Stored items:
* * * * *

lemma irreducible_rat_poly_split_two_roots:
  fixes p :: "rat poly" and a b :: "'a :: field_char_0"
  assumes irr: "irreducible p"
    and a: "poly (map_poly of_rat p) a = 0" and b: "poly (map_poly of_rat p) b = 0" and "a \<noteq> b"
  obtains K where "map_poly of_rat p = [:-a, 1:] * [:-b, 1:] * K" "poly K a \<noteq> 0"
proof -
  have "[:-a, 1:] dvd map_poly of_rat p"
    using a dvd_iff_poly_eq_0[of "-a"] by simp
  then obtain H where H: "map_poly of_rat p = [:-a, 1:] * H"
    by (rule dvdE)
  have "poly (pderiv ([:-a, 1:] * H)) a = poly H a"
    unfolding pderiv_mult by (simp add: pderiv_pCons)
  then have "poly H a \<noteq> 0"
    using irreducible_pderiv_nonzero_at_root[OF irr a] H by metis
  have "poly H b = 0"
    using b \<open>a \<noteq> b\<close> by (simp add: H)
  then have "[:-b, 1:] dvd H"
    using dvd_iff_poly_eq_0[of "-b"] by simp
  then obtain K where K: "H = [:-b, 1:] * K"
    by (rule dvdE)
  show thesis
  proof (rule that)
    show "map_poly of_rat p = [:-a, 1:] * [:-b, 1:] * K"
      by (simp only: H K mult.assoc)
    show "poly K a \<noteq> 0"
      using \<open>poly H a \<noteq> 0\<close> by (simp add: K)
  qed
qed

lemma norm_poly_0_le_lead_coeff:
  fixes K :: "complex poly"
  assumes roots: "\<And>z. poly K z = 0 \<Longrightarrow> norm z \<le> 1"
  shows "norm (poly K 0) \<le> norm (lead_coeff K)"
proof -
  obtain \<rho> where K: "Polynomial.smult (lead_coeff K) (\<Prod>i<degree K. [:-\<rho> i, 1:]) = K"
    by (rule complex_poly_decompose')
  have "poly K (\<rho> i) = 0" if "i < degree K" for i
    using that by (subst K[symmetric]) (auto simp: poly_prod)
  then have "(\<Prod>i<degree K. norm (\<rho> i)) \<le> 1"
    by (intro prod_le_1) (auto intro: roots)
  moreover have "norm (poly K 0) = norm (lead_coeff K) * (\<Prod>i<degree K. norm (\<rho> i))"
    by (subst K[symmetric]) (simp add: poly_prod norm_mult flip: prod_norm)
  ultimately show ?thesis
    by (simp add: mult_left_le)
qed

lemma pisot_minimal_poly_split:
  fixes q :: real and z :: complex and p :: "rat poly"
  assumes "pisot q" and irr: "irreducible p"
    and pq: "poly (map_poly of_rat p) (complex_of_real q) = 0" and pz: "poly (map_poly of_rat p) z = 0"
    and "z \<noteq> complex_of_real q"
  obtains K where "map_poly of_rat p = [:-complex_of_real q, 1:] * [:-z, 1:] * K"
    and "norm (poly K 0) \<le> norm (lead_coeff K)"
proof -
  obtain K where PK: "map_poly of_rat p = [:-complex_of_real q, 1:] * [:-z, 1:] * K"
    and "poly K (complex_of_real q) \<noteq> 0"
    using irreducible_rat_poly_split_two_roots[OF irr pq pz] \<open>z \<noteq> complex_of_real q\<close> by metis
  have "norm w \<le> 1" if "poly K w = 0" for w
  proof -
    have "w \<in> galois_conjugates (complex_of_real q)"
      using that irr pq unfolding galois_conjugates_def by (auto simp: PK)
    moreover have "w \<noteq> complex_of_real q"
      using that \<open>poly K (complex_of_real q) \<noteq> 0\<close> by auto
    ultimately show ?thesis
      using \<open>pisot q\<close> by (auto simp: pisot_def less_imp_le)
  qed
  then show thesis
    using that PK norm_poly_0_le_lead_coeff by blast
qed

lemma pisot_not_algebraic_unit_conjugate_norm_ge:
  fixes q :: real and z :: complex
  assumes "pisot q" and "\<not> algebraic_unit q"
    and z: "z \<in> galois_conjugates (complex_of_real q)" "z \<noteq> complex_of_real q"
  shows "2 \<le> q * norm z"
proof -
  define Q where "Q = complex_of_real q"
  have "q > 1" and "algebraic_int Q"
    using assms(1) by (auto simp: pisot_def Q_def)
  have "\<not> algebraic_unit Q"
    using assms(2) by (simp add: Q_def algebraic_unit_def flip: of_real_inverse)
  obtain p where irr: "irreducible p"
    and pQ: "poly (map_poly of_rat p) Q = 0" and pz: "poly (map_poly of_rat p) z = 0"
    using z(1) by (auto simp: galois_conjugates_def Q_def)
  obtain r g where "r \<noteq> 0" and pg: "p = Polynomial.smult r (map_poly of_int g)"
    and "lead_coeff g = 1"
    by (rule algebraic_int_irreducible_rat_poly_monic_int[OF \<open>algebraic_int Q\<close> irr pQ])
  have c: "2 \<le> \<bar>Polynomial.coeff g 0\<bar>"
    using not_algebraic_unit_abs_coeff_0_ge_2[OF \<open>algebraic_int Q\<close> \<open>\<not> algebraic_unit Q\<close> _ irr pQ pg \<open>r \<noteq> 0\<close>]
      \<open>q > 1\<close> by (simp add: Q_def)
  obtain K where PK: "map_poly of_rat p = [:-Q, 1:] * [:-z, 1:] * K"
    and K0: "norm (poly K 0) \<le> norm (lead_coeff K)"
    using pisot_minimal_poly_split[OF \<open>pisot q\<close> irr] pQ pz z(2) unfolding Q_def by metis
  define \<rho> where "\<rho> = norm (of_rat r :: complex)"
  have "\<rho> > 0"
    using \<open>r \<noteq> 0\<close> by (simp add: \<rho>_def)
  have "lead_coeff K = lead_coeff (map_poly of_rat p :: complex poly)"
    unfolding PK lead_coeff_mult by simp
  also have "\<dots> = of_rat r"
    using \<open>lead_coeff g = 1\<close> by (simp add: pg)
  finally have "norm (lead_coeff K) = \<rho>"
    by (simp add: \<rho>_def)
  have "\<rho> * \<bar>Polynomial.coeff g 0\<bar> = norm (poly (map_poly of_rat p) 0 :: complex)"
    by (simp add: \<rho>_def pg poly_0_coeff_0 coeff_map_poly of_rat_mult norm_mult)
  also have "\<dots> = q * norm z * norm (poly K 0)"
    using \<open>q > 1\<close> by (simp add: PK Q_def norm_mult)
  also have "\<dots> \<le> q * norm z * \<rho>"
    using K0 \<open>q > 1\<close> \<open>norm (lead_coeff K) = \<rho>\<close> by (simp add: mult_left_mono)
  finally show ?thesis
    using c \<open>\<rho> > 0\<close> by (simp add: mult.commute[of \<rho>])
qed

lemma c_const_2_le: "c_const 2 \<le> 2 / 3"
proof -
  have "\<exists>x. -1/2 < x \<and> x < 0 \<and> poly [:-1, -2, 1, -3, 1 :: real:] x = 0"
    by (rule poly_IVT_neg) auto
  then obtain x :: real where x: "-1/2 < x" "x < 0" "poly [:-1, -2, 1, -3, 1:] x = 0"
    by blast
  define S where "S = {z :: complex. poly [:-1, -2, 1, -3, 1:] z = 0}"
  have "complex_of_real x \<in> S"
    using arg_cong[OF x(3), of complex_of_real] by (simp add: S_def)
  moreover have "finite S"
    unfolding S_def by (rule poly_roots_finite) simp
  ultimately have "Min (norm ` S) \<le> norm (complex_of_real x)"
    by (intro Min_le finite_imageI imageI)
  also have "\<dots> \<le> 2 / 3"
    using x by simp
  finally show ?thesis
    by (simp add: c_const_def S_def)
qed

* * * * *

Each and every entry needs to be repeated exactly.

lemma irreducible_rat_poly_split_two_roots:
  fixes p :: "rat poly" and a b :: "'a :: field_char_0"
  assumes irr: "irreducible p"
    and a: "poly (map_poly of_rat p) a = 0" and b: "poly (map_poly of_rat p) b = 0" and "a \<noteq> b"
  obtains K where "map_poly of_rat p = [:-a, 1:] * [:-b, 1:] * K" "poly K a \<noteq> 0"
proof -
  have "[:-a, 1:] dvd map_poly of_rat p"
    using a dvd_iff_poly_eq_0[of "-a"] by simp
  then obtain H where H: "map_poly of_rat p = [:-a, 1:] * H"
    by (rule dvdE)
  have "poly (pderiv ([:-a, 1:] * H)) a = poly H a"
    unfolding pderiv_mult by (simp add: pderiv_pCons)
  then have "poly H a \<noteq> 0"
    using irreducible_pderiv_nonzero_at_root[OF irr a] H by metis
  have "poly H b = 0"
    using b \<open>a \<noteq> b\<close> by (simp add: H)
  then have "[:-b, 1:] dvd H"
    using dvd_iff_poly_eq_0[of "-b"] by simp
  then obtain K where K: "H = [:-b, 1:] * K"
    by (rule dvdE)
  show thesis
  proof (rule that)
    show "map_poly of_rat p = [:-a, 1:] * [:-b, 1:] * K"
      by (simp only: H K mult.assoc)
    show "poly K a \<noteq> 0"
      using \<open>poly H a \<noteq> 0\<close> by (simp add: K)
  qed
qed

lemma norm_poly_0_le_lead_coeff:
  fixes K :: "complex poly"
  assumes roots: "\<And>z. poly K z = 0 \<Longrightarrow> norm z \<le> 1"
  shows "norm (poly K 0) \<le> norm (lead_coeff K)"
proof -
  obtain \<rho> where K: "Polynomial.smult (lead_coeff K) (\<Prod>i<degree K. [:-\<rho> i, 1:]) = K"
    by (rule complex_poly_decompose')
  have "poly K (\<rho> i) = 0" if "i < degree K" for i
    using that by (subst K[symmetric]) (auto simp: poly_prod)
  then have "(\<Prod>i<degree K. norm (\<rho> i)) \<le> 1"
    by (intro prod_le_1) (auto intro: roots)
  moreover have "norm (poly K 0) = norm (lead_coeff K) * (\<Prod>i<degree K. norm (\<rho> i))"
    by (subst K[symmetric]) (simp add: poly_prod norm_mult flip: prod_norm)
  ultimately show ?thesis
    by (simp add: mult_left_le)
qed

lemma pisot_minimal_poly_split:
  fixes q :: real and z :: complex and p :: "rat poly"
  assumes "pisot q" and irr: "irreducible p"
    and pq: "poly (map_poly of_rat p) (complex_of_real q) = 0" and pz: "poly (map_poly of_rat p) z = 0"
    and "z \<noteq> complex_of_real q"
  obtains K where "map_poly of_rat p = [:-complex_of_real q, 1:] * [:-z, 1:] * K"
    and "norm (poly K 0) \<le> norm (lead_coeff K)"
proof -
  obtain K where PK: "map_poly of_rat p = [:-complex_of_real q, 1:] * [:-z, 1:] * K"
    and "poly K (complex_of_real q) \<noteq> 0"
    using irreducible_rat_poly_split_two_roots[OF irr pq pz] \<open>z \<noteq> complex_of_real q\<close> by metis
  have "norm w \<le> 1" if "poly K w = 0" for w
  proof -
    have "w \<in> galois_conjugates (complex_of_real q)"
      using that irr pq unfolding galois_conjugates_def by (auto simp: PK)
    moreover have "w \<noteq> complex_of_real q"
      using that \<open>poly K (complex_of_real q) \<noteq> 0\<close> by auto
    ultimately show ?thesis
      using \<open>pisot q\<close> by (auto simp: pisot_def less_imp_le)
  qed
  then show thesis
    using that PK norm_poly_0_le_lead_coeff by blast
qed

lemma pisot_not_algebraic_unit_conjugate_norm_ge:
  fixes q :: real and z :: complex
  assumes "pisot q" and "\<not> algebraic_unit q"
    and z: "z \<in> galois_conjugates (complex_of_real q)" "z \<noteq> complex_of_real q"
  shows "2 \<le> q * norm z"
proof -
  define Q where "Q = complex_of_real q"
  have "q > 1" and "algebraic_int Q"
    using assms(1) by (auto simp: pisot_def Q_def)
  have "\<not> algebraic_unit Q"
    using assms(2) by (simp add: Q_def algebraic_unit_def flip: of_real_inverse)
  obtain p where irr: "irreducible p"
    and pQ: "poly (map_poly of_rat p) Q = 0" and pz: "poly (map_poly of_rat p) z = 0"
    using z(1) by (auto simp: galois_conjugates_def Q_def)
  obtain r g where "r \<noteq> 0" and pg: "p = Polynomial.smult r (map_poly of_int g)"
    and "lead_coeff g = 1"
    by (rule algebraic_int_irreducible_rat_poly_monic_int[OF \<open>algebraic_int Q\<close> irr pQ])
  have c: "2 \<le> \<bar>Polynomial.coeff g 0\<bar>"
    using not_algebraic_unit_abs_coeff_0_ge_2[OF \<open>algebraic_int Q\<close> \<open>\<not> algebraic_unit Q\<close> _ irr pQ pg \<open>r \<noteq> 0\<close>]
      \<open>q > 1\<close> by (simp add: Q_def)
  obtain K where PK: "map_poly of_rat p = [:-Q, 1:] * [:-z, 1:] * K"
    and K0: "norm (poly K 0) \<le> norm (lead_coeff K)"
    using pisot_minimal_poly_split[OF \<open>pisot q\<close> irr] pQ pz z(2) unfolding Q_def by metis
  define \<rho> where "\<rho> = norm (of_rat r :: complex)"
  have "\<rho> > 0"
    using \<open>r \<noteq> 0\<close> by (simp add: \<rho>_def)
  have "lead_coeff K = lead_coeff (map_poly of_rat p :: complex poly)"
    unfolding PK lead_coeff_mult by simp
  also have "\<dots> = of_rat r"
    using \<open>lead_coeff g = 1\<close> by (simp add: pg)
  finally have "norm (lead_coeff K) = \<rho>"
    by (simp add: \<rho>_def)
  have "\<rho> * \<bar>Polynomial.coeff g 0\<bar> = norm (poly (map_poly of_rat p) 0 :: complex)"
    by (simp add: \<rho>_def pg poly_0_coeff_0 coeff_map_poly of_rat_mult norm_mult)
  also have "\<dots> = q * norm z * norm (poly K 0)"
    using \<open>q > 1\<close> by (simp add: PK Q_def norm_mult)
  also have "\<dots> \<le> q * norm z * \<rho>"
    using K0 \<open>q > 1\<close> \<open>norm (lead_coeff K) = \<rho>\<close> by (simp add: mult_left_mono)
  finally show ?thesis
    using c \<open>\<rho> > 0\<close> by (simp add: mult.commute[of \<rho>])
qed

lemma c_const_2_le: "c_const 2 \<le> 2 / 3"
proof -
  have "\<exists>x. -1/2 < x \<and> x < 0 \<and> poly [:-1, -2, 1, -3, 1 :: real:] x = 0"
    by (rule poly_IVT_neg) auto
  then obtain x :: real where x: "-1/2 < x" "x < 0" "poly [:-1, -2, 1, -3, 1:] x = 0"
    by blast
  define S where "S = {z :: complex. poly [:-1, -2, 1, -3, 1:] z = 0}"
  have "complex_of_real x \<in> S"
    using arg_cong[OF x(3), of complex_of_real] by (simp add: S_def)
  moreover have "finite S"
    unfolding S_def by (rule poly_roots_finite) simp
  ultimately have "Min (norm ` S) \<le> norm (complex_of_real x)"
    by (intro Min_le finite_imageI imageI)
  also have "\<dots> \<le> 2 / 3"
    using x by simp
  finally show ?thesis
    by (simp add: c_const_def S_def)
qed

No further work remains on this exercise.